lemma has_derivative_minimizer_gradient_zero:
  fixes f :: "'a::real_inner \<Rightarrow> real"
  assumes "(f has_derivative (\<lambda>v. G \<bullet> v)) (at x)" and "\<forall>y. f x \<le> f y"
  shows "G = 0"
proof -
  have "(\<lambda>v. G \<bullet> v) = (\<lambda>v. 0)"
    using assms by (intro has_derivative_local_min) auto
  then have "G \<bullet> G = 0"
    by meson
  then show ?thesis
    by simp
qed

lemma L_smooth_shift_has_derivative:
  fixes f :: "'a::real_inner \<Rightarrow> real"
  assumes "L_smooth L f grad"
  shows "((\<lambda>z. f z - \<mu> / 2 * (norm z)\<^sup>2) has_derivative (\<lambda>v. (grad x - \<mu> *\<^sub>R x) \<bullet> v)) (at x)"
proof -
  have d: "(f has_derivative (\<lambda>v. grad x \<bullet> v)) (at x)"
    using assms unfolding L_smooth_def by blast
  have "((\<lambda>z. f z - \<mu> / 2 * (z \<bullet> z)) has_derivative
          (\<lambda>v. grad x \<bullet> v - \<mu> / 2 * (v \<bullet> x + x \<bullet> v))) (at x)"
    by (auto intro!: derivative_eq_intros d)
  then show ?thesis
    by (simp add: power2_norm_eq_inner inner_commute algebra_simps)
qed

lemma L_smooth_shift_upper_bound:
  fixes f :: "'a::real_inner \<Rightarrow> real"
  assumes "L_smooth L f grad"
  shows "f y - \<mu> / 2 * (norm y)\<^sup>2
    \<le> f x - \<mu> / 2 * (norm x)\<^sup>2 + (grad x - \<mu> *\<^sub>R x) \<bullet> (y - x) + (L - \<mu>) / 2 * (norm (y - x))\<^sup>2"
proof -
  have "\<mu> / 2 * (norm y)\<^sup>2 = \<mu> / 2 * (norm x)\<^sup>2 + \<mu> * (x \<bullet> (y - x)) + \<mu> / 2 * (norm (y - x))\<^sup>2"
    by (simp add: power2_norm_eq_inner algebra_simps inner_commute)
  moreover have "(grad x - \<mu> *\<^sub>R x) \<bullet> (y - x) = grad x \<bullet> (y - x) - \<mu> * (x \<bullet> (y - x))"
    by (simp only: inner_diff_left inner_scaleR_left)
  moreover have "(L - \<mu>) / 2 * (norm (y - x))\<^sup>2 = L / 2 * (norm (y - x))\<^sup>2 - \<mu> / 2 * (norm (y - x))\<^sup>2"
    by (simp add: field_simps)
  ultimately show ?thesis
    using L_smooth_quadratic_upper_bound[OF assms, of y x] by linarith
qed

lemma strongly_convex_L_smooth_le:
  fixes f :: "'a::euclidean_space \<Rightarrow> real"
  assumes sc: "strongly_convex \<mu> f" and sm: "L_smooth L f grad"
  shows "\<mu> \<le> L"
proof -
  obtain e :: 'a where e: "e \<in> Basis"
    using nonempty_Basis by blast
  define h where "h z = f z - \<mu> / 2 * (norm z)\<^sup>2" for z
  have "h 0 + (grad 0 - \<mu> *\<^sub>R 0) \<bullet> (e - 0) \<le> h e"
    using sc L_smooth_shift_has_derivative[OF sm]
    unfolding strongly_convex_def h_def by (rule convex_on_has_derivative_above_tangent)
  with L_smooth_shift_upper_bound[OF sm, where x=0 and y=e and \<mu>=\<mu>] have "0 \<le> (L - \<mu>) / 2 * (norm e)\<^sup>2"
    by (simp add: h_def)
  then show ?thesis
    using e by simp
qed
☆ ☆ ☆ ☆
• REQUIRED WORK: Go through the records and copy each line with "where" in it.

• OUTPUT FOR THIS TASK:
  obtain e :: 'a where e: "e \<in> Basis"
  define h where "h z = f z - \<mu> / 2 * (norm z)\<^sup>2" for z
  with L_smooth_shift_upper_bound[OF sm, where x=0 and y=e and \<mu>=\<mu>] have "0 \<le> (L - \<mu>) / 2 * (norm e)\<^sup>2"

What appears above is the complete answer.